-- Task goal --
Find the word "subseteq" in the listing below, then return every line it appears in.

□ □ □ □ □ □ □

lemma sum_swapped_parts:
  assumes "S \<in> swapped_parts" "i < 8" "j < 8"
  shows "(\<Sum>P\<in>S. P i j) = A_L82 i j"
proof -
  obtain f F where S: "S = perm_mat ` set (map (map (swap_blocks f)) F)"
    and F: "F \<in> set base_factorizations"
    using assms(1) unfolding swapped_parts_def by blast
  have "L82_factorization (map (map (swap_blocks f)) F)"
    using L82_factorization_base F L82_factorization_swap_blocks by (simp add: list_all_iff)
  then show ?thesis
    unfolding S using sum_perm_mat_L82_factorization assms(2,3) by blast
qed

lemma Union_swapped_parts: "\<Union> swapped_parts = perm_matrices_below 8 A_L82"
proof
  show "\<Union> swapped_parts \<subseteq> perm_matrices_below 8 A_L82"
    using L82_perm_base_row L82_perm_swap_blocks
    by (auto simp: swapped_parts_def perm_matrices_below_L82)
  show "perm_matrices_below 8 A_L82 \<subseteq> \<Union> swapped_parts"
  proof
    fix P assume "P \<in> perm_matrices_below 8 A_L82"
    then obtain xs where xs: "L82_perm xs" and P: "P = perm_mat xs"
      by (auto simp: perm_matrices_below_L82)
    obtain F ys where F: "F \<in> set base_factorizations" "ys \<in> set F"
      and coarse: "map coarsen ys = map coarsen xs"
      using ex_base_row_coarsen_eq[OF xs] .
    obtain f where "\<not> f 0" "xs = map (swap_blocks f) ys"
      using coarsen_eq_imp_swap_blocks[OF xs L82_perm_base_row[OF F] coarse[symmetric]] by blast
    then show "P \<in> \<Union> swapped_parts"
      using F by (auto simp: swapped_parts_def P)
  qed
qed

lemma empty_notin_swapped_parts: "{} \<notin> swapped_parts"
  using L82_factorization_base by (auto simp: swapped_parts_def list_all_iff L82_factorization_def)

□ □ □ □ □ □ □

-- Result --
  show "\<Union> swapped_parts \<subseteq> perm_matrices_below 8 A_L82"
  show "perm_matrices_below 8 A_L82 \<subseteq> \<Union> swapped_parts"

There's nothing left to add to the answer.